From the entries below, copy every line that holds the word "unfolded".

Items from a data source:

+-------+

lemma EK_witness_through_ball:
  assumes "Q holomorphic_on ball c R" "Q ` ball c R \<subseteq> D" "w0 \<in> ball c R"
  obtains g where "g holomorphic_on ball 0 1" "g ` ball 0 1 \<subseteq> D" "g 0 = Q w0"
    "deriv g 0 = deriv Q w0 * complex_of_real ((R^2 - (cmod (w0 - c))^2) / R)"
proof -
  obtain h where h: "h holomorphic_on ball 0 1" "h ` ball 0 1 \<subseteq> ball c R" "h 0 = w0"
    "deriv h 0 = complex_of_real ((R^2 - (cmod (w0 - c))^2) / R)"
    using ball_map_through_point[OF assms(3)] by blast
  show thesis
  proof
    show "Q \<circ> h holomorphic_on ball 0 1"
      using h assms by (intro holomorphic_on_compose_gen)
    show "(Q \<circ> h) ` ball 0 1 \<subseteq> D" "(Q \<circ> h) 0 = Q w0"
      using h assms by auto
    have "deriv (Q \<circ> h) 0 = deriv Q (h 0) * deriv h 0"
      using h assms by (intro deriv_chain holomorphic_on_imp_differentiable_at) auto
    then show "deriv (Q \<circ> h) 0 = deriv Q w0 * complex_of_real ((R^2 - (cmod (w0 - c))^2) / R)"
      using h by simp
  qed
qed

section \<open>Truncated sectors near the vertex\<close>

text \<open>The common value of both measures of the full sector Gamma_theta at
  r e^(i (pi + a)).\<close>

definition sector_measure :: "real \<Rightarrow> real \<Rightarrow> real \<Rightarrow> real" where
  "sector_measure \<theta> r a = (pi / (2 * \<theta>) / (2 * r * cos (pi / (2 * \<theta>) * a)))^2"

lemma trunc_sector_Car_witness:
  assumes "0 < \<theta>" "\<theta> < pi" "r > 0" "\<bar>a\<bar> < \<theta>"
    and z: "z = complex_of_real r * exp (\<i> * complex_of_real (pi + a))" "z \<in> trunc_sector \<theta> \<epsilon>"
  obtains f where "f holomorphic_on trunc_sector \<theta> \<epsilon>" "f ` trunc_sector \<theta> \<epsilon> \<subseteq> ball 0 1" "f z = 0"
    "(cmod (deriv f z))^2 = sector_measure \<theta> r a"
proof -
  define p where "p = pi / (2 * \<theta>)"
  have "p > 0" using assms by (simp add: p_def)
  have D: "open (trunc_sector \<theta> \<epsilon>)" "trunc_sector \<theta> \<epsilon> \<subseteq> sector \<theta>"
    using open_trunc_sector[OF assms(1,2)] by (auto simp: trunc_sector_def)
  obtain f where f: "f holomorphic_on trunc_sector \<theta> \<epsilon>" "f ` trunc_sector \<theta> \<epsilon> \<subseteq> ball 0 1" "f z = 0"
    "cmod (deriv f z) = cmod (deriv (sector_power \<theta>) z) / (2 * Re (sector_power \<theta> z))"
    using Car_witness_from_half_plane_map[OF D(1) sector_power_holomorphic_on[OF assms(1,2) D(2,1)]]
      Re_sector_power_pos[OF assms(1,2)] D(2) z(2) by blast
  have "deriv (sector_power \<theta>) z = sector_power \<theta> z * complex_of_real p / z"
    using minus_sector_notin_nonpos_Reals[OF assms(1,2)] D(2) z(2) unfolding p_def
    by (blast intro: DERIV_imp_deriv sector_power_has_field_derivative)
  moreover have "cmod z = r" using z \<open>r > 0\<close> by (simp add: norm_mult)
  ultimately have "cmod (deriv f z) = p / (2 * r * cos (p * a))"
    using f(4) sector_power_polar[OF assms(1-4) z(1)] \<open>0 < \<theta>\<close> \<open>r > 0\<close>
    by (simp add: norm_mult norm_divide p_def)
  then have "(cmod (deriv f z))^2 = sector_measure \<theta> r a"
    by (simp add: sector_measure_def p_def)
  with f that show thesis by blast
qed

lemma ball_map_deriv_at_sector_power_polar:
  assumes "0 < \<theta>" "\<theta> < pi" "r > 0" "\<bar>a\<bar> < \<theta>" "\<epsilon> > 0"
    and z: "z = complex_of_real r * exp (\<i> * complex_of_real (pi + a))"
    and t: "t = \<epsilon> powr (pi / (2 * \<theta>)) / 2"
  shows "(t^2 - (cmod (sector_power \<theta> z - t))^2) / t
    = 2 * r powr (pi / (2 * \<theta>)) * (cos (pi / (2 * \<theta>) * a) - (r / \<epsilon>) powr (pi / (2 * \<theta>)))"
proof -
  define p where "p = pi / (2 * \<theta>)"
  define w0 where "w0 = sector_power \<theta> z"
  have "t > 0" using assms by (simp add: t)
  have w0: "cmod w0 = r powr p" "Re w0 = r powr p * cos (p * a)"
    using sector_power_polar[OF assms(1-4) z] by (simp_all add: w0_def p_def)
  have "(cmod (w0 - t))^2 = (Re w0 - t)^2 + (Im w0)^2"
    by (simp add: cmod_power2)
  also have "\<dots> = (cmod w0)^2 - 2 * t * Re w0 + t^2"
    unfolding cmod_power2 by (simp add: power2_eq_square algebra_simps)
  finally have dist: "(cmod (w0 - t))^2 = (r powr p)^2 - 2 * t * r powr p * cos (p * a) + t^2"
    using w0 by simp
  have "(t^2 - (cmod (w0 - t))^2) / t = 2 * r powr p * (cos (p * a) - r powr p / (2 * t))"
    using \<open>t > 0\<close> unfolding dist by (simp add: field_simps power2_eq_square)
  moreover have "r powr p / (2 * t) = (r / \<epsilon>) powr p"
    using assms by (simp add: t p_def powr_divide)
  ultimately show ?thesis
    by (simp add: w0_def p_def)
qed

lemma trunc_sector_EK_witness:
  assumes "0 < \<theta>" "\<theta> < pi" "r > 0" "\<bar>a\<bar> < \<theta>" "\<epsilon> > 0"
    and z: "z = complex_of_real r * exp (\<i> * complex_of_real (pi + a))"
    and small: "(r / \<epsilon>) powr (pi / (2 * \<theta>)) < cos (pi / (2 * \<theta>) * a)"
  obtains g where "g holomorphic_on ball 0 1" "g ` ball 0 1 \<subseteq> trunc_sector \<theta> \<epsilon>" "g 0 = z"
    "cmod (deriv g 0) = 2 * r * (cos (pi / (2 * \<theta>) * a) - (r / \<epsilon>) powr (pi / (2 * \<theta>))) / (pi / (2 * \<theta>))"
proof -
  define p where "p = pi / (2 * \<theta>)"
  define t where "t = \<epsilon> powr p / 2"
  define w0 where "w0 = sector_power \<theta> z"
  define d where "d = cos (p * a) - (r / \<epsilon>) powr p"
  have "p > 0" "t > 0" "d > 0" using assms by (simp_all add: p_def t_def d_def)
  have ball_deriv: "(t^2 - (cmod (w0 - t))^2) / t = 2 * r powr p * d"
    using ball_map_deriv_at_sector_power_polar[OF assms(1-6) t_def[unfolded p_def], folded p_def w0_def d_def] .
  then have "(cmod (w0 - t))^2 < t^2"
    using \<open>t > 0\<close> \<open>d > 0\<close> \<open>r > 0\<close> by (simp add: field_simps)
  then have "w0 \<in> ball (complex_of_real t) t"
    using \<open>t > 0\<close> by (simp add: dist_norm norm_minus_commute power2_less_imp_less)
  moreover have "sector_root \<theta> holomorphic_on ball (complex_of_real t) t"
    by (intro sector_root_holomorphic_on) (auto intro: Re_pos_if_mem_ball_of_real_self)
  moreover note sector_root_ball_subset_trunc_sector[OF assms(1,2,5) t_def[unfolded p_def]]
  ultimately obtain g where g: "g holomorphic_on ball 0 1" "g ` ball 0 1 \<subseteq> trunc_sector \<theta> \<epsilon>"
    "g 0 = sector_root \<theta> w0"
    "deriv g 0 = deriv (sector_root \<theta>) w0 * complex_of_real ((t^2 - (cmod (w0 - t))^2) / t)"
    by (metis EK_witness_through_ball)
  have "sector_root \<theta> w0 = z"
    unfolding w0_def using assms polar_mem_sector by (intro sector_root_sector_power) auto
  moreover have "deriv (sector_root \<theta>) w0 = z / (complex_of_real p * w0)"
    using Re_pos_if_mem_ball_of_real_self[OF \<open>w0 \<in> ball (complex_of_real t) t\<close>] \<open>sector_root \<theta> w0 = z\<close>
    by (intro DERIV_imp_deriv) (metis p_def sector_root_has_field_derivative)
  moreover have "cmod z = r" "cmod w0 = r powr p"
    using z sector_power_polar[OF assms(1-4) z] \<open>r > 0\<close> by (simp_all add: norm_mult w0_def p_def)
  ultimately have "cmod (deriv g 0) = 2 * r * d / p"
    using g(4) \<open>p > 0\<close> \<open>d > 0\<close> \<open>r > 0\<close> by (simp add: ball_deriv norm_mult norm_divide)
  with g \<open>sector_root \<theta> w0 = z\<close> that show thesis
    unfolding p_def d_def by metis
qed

+-------+

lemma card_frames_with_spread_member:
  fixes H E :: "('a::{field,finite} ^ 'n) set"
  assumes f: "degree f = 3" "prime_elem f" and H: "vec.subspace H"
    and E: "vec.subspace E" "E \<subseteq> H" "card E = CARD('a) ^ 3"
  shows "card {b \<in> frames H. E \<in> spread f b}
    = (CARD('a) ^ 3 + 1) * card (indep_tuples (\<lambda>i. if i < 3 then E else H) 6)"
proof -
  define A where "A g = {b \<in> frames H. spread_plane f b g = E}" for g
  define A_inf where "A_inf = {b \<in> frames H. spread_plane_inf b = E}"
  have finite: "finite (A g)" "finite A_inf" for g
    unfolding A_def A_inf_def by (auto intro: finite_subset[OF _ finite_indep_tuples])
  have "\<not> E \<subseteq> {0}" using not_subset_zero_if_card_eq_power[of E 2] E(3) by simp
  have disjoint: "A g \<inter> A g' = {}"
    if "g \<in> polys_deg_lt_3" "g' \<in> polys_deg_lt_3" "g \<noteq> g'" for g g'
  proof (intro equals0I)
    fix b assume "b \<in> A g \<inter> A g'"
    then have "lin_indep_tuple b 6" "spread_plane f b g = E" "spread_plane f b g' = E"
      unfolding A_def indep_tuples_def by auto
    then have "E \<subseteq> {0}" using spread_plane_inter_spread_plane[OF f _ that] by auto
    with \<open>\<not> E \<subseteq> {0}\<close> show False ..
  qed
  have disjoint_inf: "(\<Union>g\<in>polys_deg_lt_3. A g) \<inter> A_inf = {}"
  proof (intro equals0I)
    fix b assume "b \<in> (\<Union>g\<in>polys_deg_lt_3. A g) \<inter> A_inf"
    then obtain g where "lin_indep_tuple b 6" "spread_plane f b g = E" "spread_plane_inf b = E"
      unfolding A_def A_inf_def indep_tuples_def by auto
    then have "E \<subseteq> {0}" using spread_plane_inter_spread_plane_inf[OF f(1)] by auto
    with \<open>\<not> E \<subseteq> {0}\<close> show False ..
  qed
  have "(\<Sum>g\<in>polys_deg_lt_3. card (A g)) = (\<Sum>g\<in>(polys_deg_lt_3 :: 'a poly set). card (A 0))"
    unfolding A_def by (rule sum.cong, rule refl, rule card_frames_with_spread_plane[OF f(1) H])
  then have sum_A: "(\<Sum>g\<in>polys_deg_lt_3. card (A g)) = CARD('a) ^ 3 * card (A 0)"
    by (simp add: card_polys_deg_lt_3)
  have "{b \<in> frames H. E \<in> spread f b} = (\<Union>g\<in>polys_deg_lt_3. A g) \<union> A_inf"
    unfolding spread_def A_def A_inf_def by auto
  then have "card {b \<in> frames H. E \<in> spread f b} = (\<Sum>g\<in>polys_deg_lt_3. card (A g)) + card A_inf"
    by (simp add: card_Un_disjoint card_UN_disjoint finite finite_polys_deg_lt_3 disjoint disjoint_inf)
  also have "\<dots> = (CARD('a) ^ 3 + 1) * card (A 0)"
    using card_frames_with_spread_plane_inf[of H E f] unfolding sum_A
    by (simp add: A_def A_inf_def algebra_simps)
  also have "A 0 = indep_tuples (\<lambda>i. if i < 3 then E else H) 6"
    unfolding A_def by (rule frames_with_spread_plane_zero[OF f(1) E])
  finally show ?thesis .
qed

+-------+

__RESPONSE TO THIS EXERCISE__:
    using ball_map_deriv_at_sector_power_polar[OF assms(1-6) t_def[unfolded p_def], folded p_def w0_def d_def] .
  moreover note sector_root_ball_subset_trunc_sector[OF assms(1,2,5) t_def[unfolded p_def]]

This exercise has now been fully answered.